- _What you have to do_
I would like every line of the records below that contains the word "unfolding" copied.

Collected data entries
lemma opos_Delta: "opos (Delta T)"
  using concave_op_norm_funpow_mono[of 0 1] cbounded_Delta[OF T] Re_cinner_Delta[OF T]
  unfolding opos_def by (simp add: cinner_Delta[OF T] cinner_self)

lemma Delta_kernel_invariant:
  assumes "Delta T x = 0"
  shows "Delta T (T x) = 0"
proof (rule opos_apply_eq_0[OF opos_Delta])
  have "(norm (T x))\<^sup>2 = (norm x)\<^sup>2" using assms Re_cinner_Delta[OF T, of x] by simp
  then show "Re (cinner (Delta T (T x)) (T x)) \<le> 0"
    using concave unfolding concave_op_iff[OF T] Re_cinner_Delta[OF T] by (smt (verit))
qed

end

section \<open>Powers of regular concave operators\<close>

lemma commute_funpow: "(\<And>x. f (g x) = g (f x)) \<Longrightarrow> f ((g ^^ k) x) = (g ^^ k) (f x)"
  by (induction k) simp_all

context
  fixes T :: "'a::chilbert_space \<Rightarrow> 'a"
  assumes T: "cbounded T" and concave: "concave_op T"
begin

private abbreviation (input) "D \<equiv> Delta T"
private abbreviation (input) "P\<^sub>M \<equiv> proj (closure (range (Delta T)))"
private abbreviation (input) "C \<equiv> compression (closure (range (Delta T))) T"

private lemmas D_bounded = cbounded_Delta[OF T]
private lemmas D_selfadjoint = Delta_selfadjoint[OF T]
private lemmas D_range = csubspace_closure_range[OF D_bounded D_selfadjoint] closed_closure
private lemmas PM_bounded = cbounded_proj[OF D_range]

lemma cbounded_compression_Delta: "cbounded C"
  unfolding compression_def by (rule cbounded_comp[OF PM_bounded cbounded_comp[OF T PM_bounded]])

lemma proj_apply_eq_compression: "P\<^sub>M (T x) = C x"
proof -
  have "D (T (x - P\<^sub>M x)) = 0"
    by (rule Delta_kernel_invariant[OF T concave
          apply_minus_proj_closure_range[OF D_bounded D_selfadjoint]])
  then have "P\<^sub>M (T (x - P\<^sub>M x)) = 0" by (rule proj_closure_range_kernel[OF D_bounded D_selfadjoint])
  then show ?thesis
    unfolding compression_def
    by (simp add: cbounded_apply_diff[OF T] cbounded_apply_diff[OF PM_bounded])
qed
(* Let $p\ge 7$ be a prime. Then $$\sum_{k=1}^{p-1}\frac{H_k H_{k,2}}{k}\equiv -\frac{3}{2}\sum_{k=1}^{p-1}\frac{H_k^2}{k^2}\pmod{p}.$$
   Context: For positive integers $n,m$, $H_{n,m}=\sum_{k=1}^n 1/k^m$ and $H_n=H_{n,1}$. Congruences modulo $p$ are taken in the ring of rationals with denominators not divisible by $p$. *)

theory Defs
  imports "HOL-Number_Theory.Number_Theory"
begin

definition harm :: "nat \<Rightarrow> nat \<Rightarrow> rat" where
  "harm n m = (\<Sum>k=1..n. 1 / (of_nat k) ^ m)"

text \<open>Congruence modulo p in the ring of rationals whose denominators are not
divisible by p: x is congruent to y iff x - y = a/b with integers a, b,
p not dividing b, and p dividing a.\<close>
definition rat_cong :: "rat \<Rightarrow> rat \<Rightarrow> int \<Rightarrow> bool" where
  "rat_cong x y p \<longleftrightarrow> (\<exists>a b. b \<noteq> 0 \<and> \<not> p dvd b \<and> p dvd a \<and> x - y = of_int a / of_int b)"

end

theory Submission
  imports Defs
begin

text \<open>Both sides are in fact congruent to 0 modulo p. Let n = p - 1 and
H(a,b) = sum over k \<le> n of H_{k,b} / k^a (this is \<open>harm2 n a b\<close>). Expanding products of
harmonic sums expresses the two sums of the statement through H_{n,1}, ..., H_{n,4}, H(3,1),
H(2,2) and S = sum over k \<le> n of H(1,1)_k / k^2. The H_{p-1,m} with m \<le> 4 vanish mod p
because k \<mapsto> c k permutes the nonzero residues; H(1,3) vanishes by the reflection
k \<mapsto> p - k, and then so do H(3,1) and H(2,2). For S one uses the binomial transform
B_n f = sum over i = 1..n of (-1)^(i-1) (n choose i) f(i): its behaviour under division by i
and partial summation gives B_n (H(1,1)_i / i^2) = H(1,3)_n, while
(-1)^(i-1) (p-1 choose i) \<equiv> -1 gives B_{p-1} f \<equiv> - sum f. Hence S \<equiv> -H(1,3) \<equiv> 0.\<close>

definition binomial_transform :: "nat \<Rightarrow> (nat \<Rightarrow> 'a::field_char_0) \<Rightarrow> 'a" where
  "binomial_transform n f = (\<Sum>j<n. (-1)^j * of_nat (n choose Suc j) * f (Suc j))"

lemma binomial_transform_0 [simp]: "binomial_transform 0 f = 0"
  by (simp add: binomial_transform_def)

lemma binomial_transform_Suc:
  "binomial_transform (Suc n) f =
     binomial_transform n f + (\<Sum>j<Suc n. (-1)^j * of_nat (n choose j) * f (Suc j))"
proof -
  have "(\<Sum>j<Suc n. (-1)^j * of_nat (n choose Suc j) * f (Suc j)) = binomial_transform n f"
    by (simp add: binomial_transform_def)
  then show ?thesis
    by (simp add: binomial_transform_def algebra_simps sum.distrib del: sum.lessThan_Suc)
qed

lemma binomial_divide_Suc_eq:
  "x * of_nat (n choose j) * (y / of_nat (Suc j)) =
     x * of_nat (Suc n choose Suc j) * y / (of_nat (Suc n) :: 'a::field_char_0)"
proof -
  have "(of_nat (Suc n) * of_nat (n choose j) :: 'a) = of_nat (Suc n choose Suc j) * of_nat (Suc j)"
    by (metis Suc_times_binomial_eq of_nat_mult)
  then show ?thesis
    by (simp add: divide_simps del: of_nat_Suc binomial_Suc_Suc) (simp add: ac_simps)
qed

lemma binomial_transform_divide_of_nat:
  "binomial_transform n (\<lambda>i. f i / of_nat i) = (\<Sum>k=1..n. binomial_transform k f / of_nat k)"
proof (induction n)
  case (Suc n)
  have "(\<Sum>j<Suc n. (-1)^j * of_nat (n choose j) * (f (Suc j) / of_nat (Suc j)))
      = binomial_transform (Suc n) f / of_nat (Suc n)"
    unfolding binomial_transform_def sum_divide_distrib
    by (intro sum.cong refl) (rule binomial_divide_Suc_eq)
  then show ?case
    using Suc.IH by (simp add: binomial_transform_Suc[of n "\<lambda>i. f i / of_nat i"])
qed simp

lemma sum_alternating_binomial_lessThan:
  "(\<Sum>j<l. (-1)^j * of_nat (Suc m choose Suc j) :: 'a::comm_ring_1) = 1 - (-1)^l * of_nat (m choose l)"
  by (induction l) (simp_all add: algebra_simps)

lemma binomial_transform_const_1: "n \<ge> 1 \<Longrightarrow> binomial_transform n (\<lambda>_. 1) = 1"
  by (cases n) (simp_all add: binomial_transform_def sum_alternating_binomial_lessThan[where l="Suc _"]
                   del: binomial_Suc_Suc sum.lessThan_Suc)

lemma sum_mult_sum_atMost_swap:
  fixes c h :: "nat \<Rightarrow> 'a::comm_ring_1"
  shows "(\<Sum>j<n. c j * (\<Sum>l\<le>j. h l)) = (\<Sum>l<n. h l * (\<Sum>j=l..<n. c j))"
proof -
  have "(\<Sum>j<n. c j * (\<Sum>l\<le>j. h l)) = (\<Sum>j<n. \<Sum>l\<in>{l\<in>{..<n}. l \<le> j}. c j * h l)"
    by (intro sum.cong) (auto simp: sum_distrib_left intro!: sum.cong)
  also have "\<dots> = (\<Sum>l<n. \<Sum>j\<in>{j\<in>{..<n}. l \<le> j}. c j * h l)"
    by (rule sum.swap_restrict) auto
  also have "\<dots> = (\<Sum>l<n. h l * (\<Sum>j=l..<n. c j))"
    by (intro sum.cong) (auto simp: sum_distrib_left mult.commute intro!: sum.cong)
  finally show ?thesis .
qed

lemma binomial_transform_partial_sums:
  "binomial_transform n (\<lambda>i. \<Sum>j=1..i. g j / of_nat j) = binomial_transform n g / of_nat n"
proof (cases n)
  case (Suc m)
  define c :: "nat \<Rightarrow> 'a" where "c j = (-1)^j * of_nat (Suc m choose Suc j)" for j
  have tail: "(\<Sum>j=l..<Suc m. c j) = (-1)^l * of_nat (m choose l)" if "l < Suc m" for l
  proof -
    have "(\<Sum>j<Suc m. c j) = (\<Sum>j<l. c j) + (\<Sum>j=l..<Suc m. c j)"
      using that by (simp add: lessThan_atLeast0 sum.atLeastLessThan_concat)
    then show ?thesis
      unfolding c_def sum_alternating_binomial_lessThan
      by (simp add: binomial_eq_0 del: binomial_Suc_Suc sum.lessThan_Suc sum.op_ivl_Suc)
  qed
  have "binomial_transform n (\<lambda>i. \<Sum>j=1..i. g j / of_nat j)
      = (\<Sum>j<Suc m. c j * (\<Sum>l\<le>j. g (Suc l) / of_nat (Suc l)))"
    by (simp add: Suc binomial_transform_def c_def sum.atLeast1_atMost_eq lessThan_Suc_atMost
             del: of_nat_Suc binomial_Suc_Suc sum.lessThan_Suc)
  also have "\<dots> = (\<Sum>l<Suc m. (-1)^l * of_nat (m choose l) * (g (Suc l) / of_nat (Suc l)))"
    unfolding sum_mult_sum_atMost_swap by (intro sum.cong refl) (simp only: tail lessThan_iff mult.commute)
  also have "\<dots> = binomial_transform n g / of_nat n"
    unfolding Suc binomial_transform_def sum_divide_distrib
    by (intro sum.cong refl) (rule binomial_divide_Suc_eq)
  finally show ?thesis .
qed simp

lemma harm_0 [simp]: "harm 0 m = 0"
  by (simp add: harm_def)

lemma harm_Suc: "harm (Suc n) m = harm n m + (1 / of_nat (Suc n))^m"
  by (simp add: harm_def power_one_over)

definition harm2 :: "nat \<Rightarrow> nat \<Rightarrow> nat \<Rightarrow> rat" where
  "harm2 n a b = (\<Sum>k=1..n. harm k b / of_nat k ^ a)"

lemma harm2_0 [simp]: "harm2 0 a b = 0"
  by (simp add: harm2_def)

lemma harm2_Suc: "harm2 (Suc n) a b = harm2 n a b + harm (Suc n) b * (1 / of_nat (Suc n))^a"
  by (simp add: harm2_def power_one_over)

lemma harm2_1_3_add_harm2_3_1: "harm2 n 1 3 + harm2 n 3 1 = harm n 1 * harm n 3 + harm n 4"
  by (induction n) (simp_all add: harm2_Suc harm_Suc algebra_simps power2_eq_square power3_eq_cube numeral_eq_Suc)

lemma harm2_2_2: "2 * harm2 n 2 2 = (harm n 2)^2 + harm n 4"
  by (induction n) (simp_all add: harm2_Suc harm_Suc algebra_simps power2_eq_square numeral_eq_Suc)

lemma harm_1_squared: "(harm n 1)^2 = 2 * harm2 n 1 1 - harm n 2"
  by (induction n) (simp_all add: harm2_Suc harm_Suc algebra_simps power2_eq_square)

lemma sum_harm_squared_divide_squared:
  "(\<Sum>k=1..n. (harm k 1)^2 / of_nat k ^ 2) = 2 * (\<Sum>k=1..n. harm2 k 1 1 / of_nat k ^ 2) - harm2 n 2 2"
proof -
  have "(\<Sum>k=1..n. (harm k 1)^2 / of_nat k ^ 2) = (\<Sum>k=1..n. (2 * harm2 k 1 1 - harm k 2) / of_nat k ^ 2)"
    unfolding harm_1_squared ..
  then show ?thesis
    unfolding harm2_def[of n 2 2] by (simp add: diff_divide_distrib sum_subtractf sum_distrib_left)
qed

- _Your solution_
  unfolding opos_def by (simp add: cinner_Delta[OF T] cinner_self)
    using concave unfolding concave_op_iff[OF T] Re_cinner_Delta[OF T] by (smt (verit))
  unfolding compression_def by (rule cbounded_comp[OF PM_bounded cbounded_comp[OF T PM_bounded]])
    unfolding compression_def
    unfolding binomial_transform_def sum_divide_distrib
      unfolding c_def sum_alternating_binomial_lessThan
    unfolding sum_mult_sum_atMost_swap by (intro sum.cong refl) (simp only: tail lessThan_iff mult.commute)
    unfolding Suc binomial_transform_def sum_divide_distrib
    unfolding harm_1_squared ..
    unfolding harm2_def[of n 2 2] by (simp add: diff_divide_distrib sum_subtractf sum_distrib_left)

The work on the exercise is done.